Keep in mind: the Liquidators where 17 - 19 year old recruits of the soviet army, they should be about 50 now, more than 2/3rds are dead.
And that does not even include the civil persons that died in the area around the plant.
Cost free eBook I read (by iBook/Kobo/Amazon/ObookO/Gutenberg etc.): "The Green Odyssey" by Philip Jose Farmer.
38 species of migratory birds are back on the endangered species list thanks to windmills. Windmills are also changing the patterns of prevailing winds and altering weather patterns. This is getting blamed on climate change, but you can't sit there with a straight face and honestly believe that windmills are not changing the prevailing winds.
The environmental impact of windmills is at least as large as the impact of combustion. They should be banned right along with ICEs and fossil fuel plants.
There's a conference concerning air quality held every couple of years called "Upwind-Downwind". A few years ago, somebody presented a paper at one of them that indicated a majority of people who wound up in an emergency ward with some kind of heart problem had been breathing air on or very close to a road within the previous few hours. It was really pretty amazing. And yes, they'd taken into account all the obvious stuff like "everybody lives near a road".
There's also been evidence from mobile air testing labs that levels of NOx and SOx skyrocket at heavily-used intersections during red lights. It's extremely localized...as in feet, not yards. I'll be really interested to see what happens to general public health when the internal combustion engine has been mostly replaced.
I've calculated my velocity with such exquisite precision that I have no idea where I am.
Let's step away from Chernobyl for a second and get back to the implicit question: is nuclear power "safe"?

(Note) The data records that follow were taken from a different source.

lemma has_bochner_integral_yule_space_split_event:
  fixes h :: "nat \<Rightarrow> (nat \<Rightarrow> real) \<Rightarrow> real"
  assumes "n \<ge> 2"
    and "\<And>k. h k \<in> borel_measurable (yule_intervals {1..n})" "\<And>k T. 0 \<le> h k T"
    and "\<And>k. k \<le> n \<Longrightarrow> has_bochner_integral (yule_intervals {1..n}) (h k) (v k)"
  shows "has_bochner_integral (yule_space n) (\<lambda>((c, (a, b)), T). h (split_event c a b) T)
           (split_event_sum n v / (real (card (yule_choices n)) * (real n * (real n - 1) / 2)))"
proof -
  define A where "A = yule_choices n \<times> tip_pairs n"
  define \<kappa> where "\<kappa> x = split_event (fst x) (fst (snd x)) (snd (snd x))"
    for x :: "(nat \<Rightarrow> nat) \<times> nat \<times> nat"
  let ?M = "measure_pmf (pmf_of_set A) \<Otimes>\<^sub>M yule_intervals {1..n}"
  have "(\<lambda>\<omega>. h k (snd \<omega>)) \<in> borel_measurable ?M" for k
    using assms(2) by measurable
  moreover have "(\<lambda>\<omega>. \<kappa> (fst \<omega>)) \<in> measurable ?M (count_space UNIV)"
    by (rule measurable_compose[OF measurable_fst])
       (simp add: measurable_cong_sets[OF sets_measure_pmf_count_space refl])
  ultimately have measurable: "(\<lambda>\<omega>. h (\<kappa> (fst \<omega>)) (snd \<omega>)) \<in> borel_measurable ?M"
    by (rule measurable_compose_countable') simp
  have sections: "has_bochner_integral (yule_intervals {1..n}) (h (\<kappa> x)) (v (\<kappa> x))"
    if "x \<in> A" for x
    using that split_event_le[of "fst x" "fst (snd x)" "snd (snd x)"]
    by (intro assms(4)) (auto simp: A_def tip_pairs_def \<kappa>_def)
  have "has_bochner_integral ?M (\<lambda>\<omega>. h (\<kappa> (fst \<omega>)) (snd \<omega>)) ((\<Sum>x\<in>A. v (\<kappa> x)) / card A)"
  proof (rule has_bochner_integral_pmf_of_set_pair[where g = "\<lambda>x. v (\<kappa> x)"])
    show "finite A" by (simp add: A_def finite_yule_choices finite_tip_pairs)
    have "(0, 1) \<in> tip_pairs n" using assms by (simp add: tip_pairs_def)
    then show "A \<noteq> {}" by (auto simp: A_def yule_choices_nonempty)
  qed (use measurable sections assms(3) in \<open>auto simp: exponential_product.sigma_finite\<close>)
  moreover have "(\<Sum>x\<in>A. v (\<kappa> x)) / card A
      = split_event_sum n v / (real (card (yule_choices n)) * (real n * (real n - 1) / 2))"
    by (simp add: A_def card_cartesian_product card_tip_pairs split_event_sum_def \<kappa>_def
                  sum.cartesian_product case_prod_unfold)
  ultimately show ?thesis
    unfolding yule_space_def A_def \<kappa>_def by (simp add: case_prod_unfold)
qed
(* Let $\mathcal{C}_1$ be an $(n,k,d)$ binary linear code. Then the code $\mathcal{C}_2 = \{(u,u) : u \in \mathcal{C}_1\}$ is a $(2n,k,2d)$ code with $$\rho(\mathcal{C}_2) \le \rho(\mathcal{C}_1) + n.$$
   Context: An $(n,k,d)$ code is a linear code of length $n$, dimension $k$ and minimum Hamming distance $d$. A parity-check matrix for a linear code $\mathcal{C}$ is any matrix (possibly with linearly dependent rows) whose rows span $\mathcal{C}^\perp$. For a parity-check matrix $H$, the stopping distance $s(H)$ is the largest integer such that for every set of $s(H)-1$ or fewer columns of $H$, the projection of $H$ onto those columns contains at least one row of Hamming weight exactly one. The stopping redundancy $\rho(\mathcal{C})$ is the smallest number of rows of a parity-check matrix $H$ for $\mathcal{C}$ with $s(H) = d(\mathcal{C})$, the minimum distance of $\mathcal{C}$. *)

theory Defs
  imports Main "HOL-Library.Z2"
begin

type_synonym bvec = "nat \<Rightarrow> bit"

definition bvecs :: "nat \<Rightarrow> bvec set" where
  "bvecs n = {x. \<forall>i. n \<le> i \<longrightarrow> x i = 0}"

definition zvec :: bvec where
  "zvec = (\<lambda>i. 0)"

definition vadd :: "bvec \<Rightarrow> bvec \<Rightarrow> bvec" where
  "vadd x y = (\<lambda>i. x i + y i)"

definition vscale :: "bit \<Rightarrow> bvec \<Rightarrow> bvec" where
  "vscale c x = (\<lambda>i. c * x i)"

definition weight :: "bvec \<Rightarrow> nat" where
  "weight x = card {i. x i \<noteq> 0}"

definition inner :: "nat \<Rightarrow> bvec \<Rightarrow> bvec \<Rightarrow> bit" where
  "inner n x y = (\<Sum>i<n. x i * y i)"

definition linear_code :: "nat \<Rightarrow> bvec set \<Rightarrow> bool" where
  "linear_code n C \<longleftrightarrow> C \<subseteq> bvecs n \<and> zvec \<in> C \<and>
     (\<forall>x\<in>C. \<forall>y\<in>C. \<forall>a b. vadd (vscale a x) (vscale b y) \<in> C)"

definition lincomb :: "bvec set \<Rightarrow> (bvec \<Rightarrow> bit) \<Rightarrow> bvec" where
  "lincomb B c = (\<lambda>j. \<Sum>b\<in>B. c b * b j)"

definition lin_indep :: "bvec set \<Rightarrow> bool" where
  "lin_indep B \<longleftrightarrow> (\<forall>c. lincomb B c = zvec \<longrightarrow> (\<forall>b\<in>B. c b = 0))"

definition has_dim :: "bvec set \<Rightarrow> nat \<Rightarrow> bool" where
  "has_dim C k \<longleftrightarrow> (\<exists>B. finite B \<and> B \<subseteq> C \<and> card B = k \<and> lin_indep B \<and>
     (\<forall>x\<in>C. \<exists>c. x = lincomb B c))"

text \<open>Minimum Hamming distance of a linear code = minimum nonzero weight.\<close>
definition min_dist :: "bvec set \<Rightarrow> nat" where
  "min_dist C = (LEAST w. \<exists>c\<in>C. c \<noteq> zvec \<and> weight c = w)"

text \<open>(n,k,d) binary linear code (d is a genuine minimum distance, so C contains
  a nonzero codeword).\<close>
definition is_code :: "nat \<Rightarrow> nat \<Rightarrow> nat \<Rightarrow> bvec set \<Rightarrow> bool" where
  "is_code n k d C \<longleftrightarrow> linear_code n C \<and> has_dim C k \<and>
     (\<exists>c\<in>C. c \<noteq> zvec) \<and> min_dist C = d"

definition dual_code :: "nat \<Rightarrow> bvec set \<Rightarrow> bvec set" where
  "dual_code n C = {y \<in> bvecs n. \<forall>x\<in>C. inner n x y = 0}"

definition row_span :: "bvec list \<Rightarrow> bvec set" where
  "row_span H = {(\<lambda>j. \<Sum>i<length H. c i * (H ! i) j) | c. True}"

text \<open>Parity-check matrix (rows possibly dependent) for C: rows are length-n
  vectors spanning the dual code.\<close>
definition parity_check :: "nat \<Rightarrow> bvec set \<Rightarrow> bvec list \<Rightarrow> bool" where
  "parity_check n C H \<longleftrightarrow> set H \<subseteq> bvecs n \<and> row_span H = dual_code n C"

definition has_weight_one_row :: "bvec list \<Rightarrow> nat set \<Rightarrow> bool" where
  "has_weight_one_row H S \<longleftrightarrow> (\<exists>h\<in>set H. card {j\<in>S. h j \<noteq> 0} = 1)"

definition stop_dist :: "nat \<Rightarrow> bvec list \<Rightarrow> nat" where
  "stop_dist n H = (GREATEST s. \<forall>S. S \<subseteq> {..<n} \<and> S \<noteq> {} \<and> card S < s \<longrightarrow>
       has_weight_one_row H S)"

definition stop_red :: "nat \<Rightarrow> bvec set \<Rightarrow> nat" where
  "stop_red n C = (LEAST m. \<exists>H. length H = m \<and> parity_check n C H \<and>
       stop_dist n H = min_dist C)"

definition uu_code :: "nat \<Rightarrow> bvec set \<Rightarrow> bvec set" where
  "uu_code n C = {(\<lambda>i. if i < n then u i else if i < 2*n then u (i - n) else 0) | u. u \<in> C}"

end

theory Submission
  imports Defs
begin

text \<open>Duplicating every codeword doubles all weights, so the (u,u) code has minimum distance 2d
  and the same dimension. Take a parity-check matrix H with s(H) = d and |H| = \<rho>(C), and append the
  n rows e_i + e_(n+i); together with H they span the dual of the (u,u) code. A nonempty set S of
  fewer than 2d columns either separates some pair {i, n+i}, and then the row e_i + e_(n+i) meets S
  exactly once, or it is the double of a nonempty set of fewer than d columns of the first half,
  which some row of H meets exactly once. That a matrix with s(H) = d exists at all, so that \<rho>(C)
  is attained, follows from duality: if no nonzero codeword is supported in S, every pattern on S is
  the restriction of a dual codeword, so the list of all dual codewords is such a matrix.\<close>

section \<open>Annihilators in finite dimension\<close>

lemma annihilator_of_annihilator_in_span:
  fixes a :: "'l \<Rightarrow> 'b \<Rightarrow> 'a::field" and v :: "'b \<Rightarrow> 'a"
  assumes "finite B" and "finite T"
    and "\<And>z. \<forall>l\<in>T. (\<Sum>b\<in>B. z b * a l b) = 0 \<Longrightarrow> (\<Sum>b\<in>B. z b * v b) = 0"
  shows "\<exists>y. \<forall>b\<in>B. v b = (\<Sum>l\<in>T. y l * a l b)"
  using assms(2,3)
proof (induction T arbitrary: a v rule: finite_induct)
  case empty
  have "v b = 0" if "b \<in> B" for b
    using empty[of "\<lambda>b'. if b' = b then 1 else 0"] that assms(1)
    by (simp add: if_distrib[of "\<lambda>c. c * _"] cong: if_cong)
  then show ?case by simp
next
  case (insert t T)
  show ?case
  proof (cases "\<forall>b\<in>B. a t b = 0")
    case True
    have "\<exists>y. \<forall>b\<in>B. v b = (\<Sum>l\<in>T. y l * a l b)"
      using insert.prems True by (intro insert.IH) auto
    then show ?thesis using True insert.hyps by auto
  next
    case False
    then obtain p where p: "p \<in> B" "a t p \<noteq> 0" by auto
    \<comment> \<open>Gaussian elimination at the pivot p: \<pi> kills a t and has adjoint dual, so the
      hypothesis passes to the vectors \<pi> (a l) for l \<in> T.\<close>
    define \<pi> where "\<pi> x b = x b - x p / a t p * a t b" for x :: "'b \<Rightarrow> 'a" and b
    define dual where "dual z b = z b - (if b = p then (\<Sum>b\<in>B. z b * a t b) / a t p else 0)"
      for z :: "'b \<Rightarrow> 'a" and b
    have adjoint: "(\<Sum>b\<in>B. z b * \<pi> x b) = (\<Sum>b\<in>B. dual z b * x b)" for z x
    proof -
      have "(\<Sum>b\<in>B. z b * \<pi> x b) = (\<Sum>b\<in>B. z b * x b) - x p / a t p * (\<Sum>b\<in>B. z b * a t b)"
        by (simp add: \<pi>_def algebra_simps sum_subtractf sum_distrib_left)
      also have "\<dots> = (\<Sum>b\<in>B. dual z b * x b)"
        using p assms(1)
        by (simp add: dual_def left_diff_distrib sum_subtractf if_distrib[of "\<lambda>c. c * _"]
            cong: if_cong)
      finally show ?thesis .
    qed
    have \<pi>_pivot: "\<pi> (a t) b = 0" for b
      using p by (simp add: \<pi>_def)
    have \<pi>_sum: "\<pi> (\<lambda>b. \<Sum>l\<in>T. y l * a l b) b = (\<Sum>l\<in>T. y l * \<pi> (a l) b)" for y b
      by (simp add: \<pi>_def algebra_simps sum_subtractf sum_distrib_left sum_distrib_right
          sum_divide_distrib)
    have "\<exists>y. \<forall>b\<in>B. \<pi> v b = (\<Sum>l\<in>T. y l * \<pi> (a l) b)"
    proof (rule insert.IH)
      fix z assume "\<forall>l\<in>T. (\<Sum>b\<in>B. z b * \<pi> (a l) b) = 0"
      then have "\<forall>l\<in>insert t T. (\<Sum>b\<in>B. dual z b * a l b) = 0"
        using \<pi>_pivot by (simp add: adjoint[symmetric])
      then show "(\<Sum>b\<in>B. z b * \<pi> v b) = 0"
        by (simp add: adjoint insert.prems)
    qed
    then obtain y where y: "\<forall>b\<in>B. \<pi> v b = (\<Sum>l\<in>T. y l * \<pi> (a l) b)" ..
    define w where "w b = (\<Sum>l\<in>T. y l * a l b)" for b
    define q where "q = (v p - w p) / a t p"
    have "(\<Sum>l\<in>T. (y(t := q)) l * a l b) = w b" for b
      unfolding w_def using insert.hyps by (intro sum.cong) auto
    then have "(\<Sum>l\<in>insert t T. (y(t := q)) l * a l b) = q * a t b + w b" for b
      using insert.hyps by simp
    moreover have "v b = q * a t b + w b" if "b \<in> B" for b
      using y[rule_format, OF that] \<pi>_sum[of y b, folded w_def]
      by (simp add: \<pi>_def q_def algebra_simps diff_divide_distrib)
    ultimately have "\<forall>b\<in>B. v b = (\<Sum>l\<in>insert t T. (y(t := q)) l * a l b)" by simp
    then show ?thesis by blast
  qed
qed

section \<open>Binary vectors, codes and duals\<close>

declare add_bit_eq_xor [simp del] mult_bit_eq_and [simp del]
  \<comment> \<open>keep sums over GF(2) as ring sums rather than parities of cardinalities\<close>

lemma zvec_apply [simp]: "zvec i = 0"
  by (simp add: zvec_def)

lemma bvecs_nonzero_less: "x \<in> bvecs n \<Longrightarrow> x i \<noteq> 0 \<Longrightarrow> i < n"
  by (cases "i < n") (auto simp: bvecs_def)

lemma finite_bvecs: "finite (bvecs n)"
proof -
  have "bvecs n \<subseteq> (\<lambda>S i. if i \<in> S then 1 else 0) ` Pow {..<n}"
  proof
    fix x assume x: "x \<in> bvecs n"
    have "x = (\<lambda>i. if i \<in> {i. i < n \<and> x i = 1} then 1 else 0)"
      using x by (auto simp: fun_eq_iff bvecs_def)
    then show "x \<in> (\<lambda>S i. if i \<in> S then 1 else 0) ` Pow {..<n}" by blast
  qed
  then show ?thesis by (rule finite_subset) simp
qed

I think that is "begging the question". Before we ask whether nuclear technology is safe, we need to know whether its the technology we have to be worrying about or the organizations that are using it that are the problem.
I think it's the organizations that are using the technology that are the danger. That's a bit like the way everyone thinks they're a better than average driver; they are, on their best days. And that's how we judge ourselves, by how we are when we're at our best. But when you're talking about safety, you have to judge yourself by how you are on a bad day.
Both Chernobyl and Fukushima were old reactor designs that would be considered unacceptable by modern standards. And yet, in both cases the catastrophic failure can ultimately be traced to failures in organizational decision-making. Chernobyl failed because of a safety test that was compromise by pressure to minimize power delivery disruptions that eventually put a reactor that was outside its normal operating envelope in the hands of an operations shift that didn't have the expertise to handle it. Fukushima's failure can be traced to TEPCO's failure to respond to the information that the tsunami statistics under which the plant was designed grossly underestimated a hundred year tsunami; all they had to do was to stage portable power generation equipment on the high ground surrounding the plant, but instead they raised the on-site backup generators by a few inches -- in effect they made a token response, which showed they got the message but didn't take it seriously.
Look around at the crappy, semi-competent or corrupt companies you have to deal with. In a world with only a few reactors, you have some chance of making sure none of the companies running them would be like those. In a world where nuclear reactors are ubiquitous, you have to design them so you'd be comfortable with companies like Comcast or Wells-Fargo running them.